How do pills form on your clothes in the first place?
You’ve seen them on your sweaters, your workout clothes, even your favourite pair of pants – those small, firm balls of lint frequently referred to as “pills.” These pesky pieces are the result of normal wear and tear – broken clothing fibres on the surface of clothes become tangled together and attract loose micro-threads during the wash cycle.
Over time, these threads clump together, forming the characteristic lint ball that is stuck to your clothing. While this is common, it is possible to learn how to prevent pilling, as well as how to remove these pills from sweaters and other common garments.
How to prevent and remove pilling
1) Prevent pilling before it starts
What is the best way to stop your clothes from developing lint balls? It starts before you even bring new clothing home. Pilling is most common on clothes with looser, shorter fibres.
Therefore, knitted fabrics tend to pill more than woven ones, and clothes made from wool, cotton, polyester, acrylic and other synthetics tend to develop pills more readily than silk, denim or linen. When you’re out shopping, opt for sturdy fabrics that are tightly woven and made from more durable materials.
2) Prevent pilling in the washing machine
We stress our clothes every time we wear them – therefore, some degree of pilling is always possible.

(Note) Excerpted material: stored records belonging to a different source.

(* Let $H$ be an almost-breakable monoid. If $\mathcal{P}_{\mathrm{fin},1}(H)$ is UmF, then every minimal factorization of every element of $\mathcal{P}_{\mathrm{fin},1}(H)$ is square-free (no irreducible occurs more than once as a letter).
   Context: A monoid $H$ is almost-breakable if for all $x,y\in H$, $xy\in\{x,y\}$ or $yx\in\{x,y\}$. $\mathcal{P}_{\mathrm{fin},1}(H)$ denotes the set of non-empty finite subsets of $H$ containing $1_H$, a monoid under $XY=\{xy:x\in X,y\in Y\}$. In a monoid $M$: $x\mid_M y$ iff $y\in MxM$; $x,y$ are associated if each divides the other; proper divisor means divides but not associated. A unit-divisor divides $1_M$; otherwise it is a non-unit-divisor. An irreducible is a non-unit-divisor $a$ with $a\neq xy$ for all non-unit-divisors $x,y$ properly dividing $a$. A factorization of $x$ is a finite word over the irreducibles with product $x$. For words $\mathfrak a,\mathfrak b$, $\mathfrak a\sqsubseteq\mathfrak b$ means $\mathfrak a$ is, up to associatedness of letters, a subword (subsequence) of some permutation of $\mathfrak b$; equivalence means $\sqsubseteq$ both ways. A factorization $\mathfrak a$ of $x$ is minimal if no factorization $\mathfrak b$ of $x$ satisfies $\mathfrak b\sqsubseteq\mathfrak a\not\sqsubseteq\mathfrak b$. $M$ is UmF if every non-unit-divisor has a factorization and any two minimal factorizations of an element are equivalent. *)

theory Defs
  imports Main "HOL-Library.Sublist" "HOL-Library.Multiset"
begin

definition almost_breakable :: "('a::monoid_mult) itself \<Rightarrow> bool" where
  "almost_breakable _ \<longleftrightarrow> (\<forall>x y::'a. x * y \<in> {x, y} \<or> y * x \<in> {x, y})"

definition Pfin1 :: "('a::monoid_mult) set set" where
  "Pfin1 = {X. finite X \<and> X \<noteq> {} \<and> 1 \<in> X}"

However, it is possible to reduce the amount that takes place by using smart tactics on laundry day. Start by turning garments inside out and fastening zippers, buttons and hooks – rubbing against these hard objects can damage clothing fibres.
Next, sort clothes according to colour and fabric type to help keep heavier fabrics from damaging lighter ones in the wash. Opt for a cold water wash using the gentlest cycle possible, or even hand wash your clothes.
Also, make sure the washing machine isn’t overloaded. If your clothes can’t move easily in the machine, they’ll rub together and cause more friction. Use a gentle detergent, and consider using fabric softener to help protect clothing fibres. When the wash is done, use a gentle, low heat dryer cycle or hang up your clothes to air dry.
3) Use laundry detergent with cellulase to remove pilling and lint balls from your clothes in the washing machine
If your clothes start to develop pills, your first line of defense may come from an unexpected source. Some detergents use enzymes to help clean clothes, and one enzyme – cellulase – can go a step farther.
This particular enzyme can help loosen and remove pills in the wash, so consider using detergent with cellulase if you notice pills developing on your clothes. Combined with a gentle, cold water cycle, this type of detergent may help reduce or even solve your pilling problem.
4) Remove lint balls from clothes with a fabric shaver or pill remover
After your clothes are washed and dried, take a look to see if any pills remain. If so, you can carefully remove them by using a fabric comb or battery-operated pill/lint remover. Both of these methods help carefully cut or scrape away the fabric pills so they are no longer attached to your clothes. When done correctly, you’ll end up with clothes that look as good as new.